Dataset records section start

lemma card_incident_edges_le:
  assumes "q + 3 \<le> k" "x < n"
  shows "card (incident_edges x a) \<le> q + 1"
proof -
  have "incident_edges x a \<subseteq> (\<lambda>y. {x, y}) ` colour_nbhd x a"
    by (auto simp: incident_edges_def colour_nbhd_def elim!: in_edges_ofE)
  then have "card (incident_edges x a) \<le> card ((\<lambda>y. {x, y}) ` colour_nbhd x a)"
    by (intro card_mono) auto
  also have "\<dots> \<le> card (colour_nbhd x a)"
    by (rule card_image_le) simp
  also have "\<dots> \<le> q + 1"
    by (rule card_colour_nbhd_le[OF assms])
  finally show ?thesis .
qed

definition colours :: "nat set" where
  "colours = chi ` edges_of {..<n}"

definition colours_at :: "nat \<Rightarrow> nat set" where
  "colours_at x = (\<lambda>y. chi {x, y}) ` ({..<n} - {x})"

definition vertices_seeing :: "nat \<Rightarrow> nat set" where
  "vertices_seeing c = {x\<in>{..<n}. c \<in> colours_at x}"

lemma finite_colours [simp]: "finite colours"
  unfolding colours_def by (simp add: finite_edges_of)

lemma colours_at_subset: "x < n \<Longrightarrow> colours_at x \<subseteq> colours"
  unfolding colours_at_def colours_def by (auto intro!: imageI doubleton_in_edges_of)

lemma vertices_seeing_subset: "vertices_seeing c \<subseteq> {..<n}"
  unfolding vertices_seeing_def by auto

lemma card_colours_at_ge:
  assumes "q + 3 \<le> k" "x < n"
  shows "n - 1 \<le> (q + 1) * card (colours_at x)"
proof -
  have fin: "finite (colours_at x)" by (simp add: colours_at_def)
  have "{..<n} - {x} \<subseteq> (\<Union>a\<in>colours_at x. colour_nbhd x a)"
    unfolding colours_at_def colour_nbhd_def by auto
  then have "card ({..<n} - {x}) \<le> card (\<Union>a\<in>colours_at x. colour_nbhd x a)"
    using fin by (intro card_mono) auto
  also have "\<dots> \<le> (\<Sum>a\<in>colours_at x. card (colour_nbhd x a))"
    by (rule card_UN_le[OF fin])
  also have "\<dots> \<le> (\<Sum>a\<in>colours_at x. q + 1)"
    by (intro sum_mono card_colour_nbhd_le assms)
  finally show ?thesis using assms(2) by (simp add: mult.commute)
qed

lemma sum_card_colours_at:
  "(\<Sum>x<n. card (colours_at x)) = (\<Sum>c\<in>colours. card (vertices_seeing c))"
proof -
  have "(\<Sum>x<n. card (colours_at x)) = card (SIGMA x:{..<n}. colours_at x)"
    by (simp add: card_SigmaI colours_at_def)
  also have "(SIGMA x:{..<n}. colours_at x) = prod.swap ` (SIGMA c:colours. vertices_seeing c)"
    using colours_at_subset unfolding vertices_seeing_def by force
  also have "card \<dots> = (\<Sum>c\<in>colours. card (vertices_seeing c))"
    by (simp add: card_image card_SigmaI vertices_seeing_def)
  finally show ?thesis .
qed

lemma obtain_popular_colour:
  assumes "q + 3 \<le> k"
  obtains c where "c \<in> colours" "n * (n - 1) \<le> (q + 1) * card colours * card (vertices_seeing c)"
proof -
  have "{0, 1} \<in> edges_of {..<n}"
    using k_le_n assms by (intro doubleton_in_edges_of) auto
  then have "colours \<noteq> {}" unfolding colours_def by blast
  have "\<exists>c\<in>colours. n * (n - 1) \<le> (q + 1) * card colours * card (vertices_seeing c)"
  proof (rule ccontr)
    assume "\<not> ?thesis"
    then have less: "(q + 1) * card colours * card (vertices_seeing c) < n * (n - 1)"
      if "c \<in> colours" for c
      using that by auto
    have "n * (n - 1) = (\<Sum>x<n. n - 1)" by simp
    also have "\<dots> \<le> (\<Sum>x<n. (q + 1) * card (colours_at x))"
      using card_colours_at_ge[OF assms] by (intro sum_mono) simp
    also have "\<dots> = (q + 1) * (\<Sum>c\<in>colours. card (vertices_seeing c))"
      by (simp only: sum_distrib_left[symmetric] sum_card_colours_at)
    finally have "card colours * (n * (n - 1))
        \<le> card colours * ((q + 1) * (\<Sum>c\<in>colours. card (vertices_seeing c)))"
      by (rule mult_le_mono2)
    also have "\<dots> = (\<Sum>c\<in>colours. (q + 1) * card colours * card (vertices_seeing c))"
      by (simp only: sum_distrib_left mult_ac)
    also have "\<dots> < (\<Sum>c\<in>colours. n * (n - 1))"
      using less \<open>colours \<noteq> {}\<close> by (intro sum_strict_mono) auto
    finally show False by (simp add: mult.commute)
  qed
  then show ?thesis using that by blast
qed

definition partnered_matching :: "nat set set \<Rightarrow> nat \<Rightarrow> nat \<Rightarrow> (nat \<Rightarrow> nat) \<Rightarrow> bool" where
  "partnered_matching T c0 c1 p \<longleftrightarrow>
     T \<subseteq> edges_of {..<n} \<and> pairwise disjnt T \<and> chi ` T \<subseteq> {c0} \<and>
     (\<forall>u\<in>\<Union>T. p u < n \<and> p u \<notin> \<Union>T \<and> chi {u, p u} = c1)"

Dataset records section end

[What the task requires] Show every line above in which the word "rule" occurs.

[Result]
    by (rule card_image_le) simp
    by (rule card_colour_nbhd_le[OF assms])
    by (rule card_UN_le[OF fin])
  proof (rule ccontr)
      by (rule mult_le_mono2)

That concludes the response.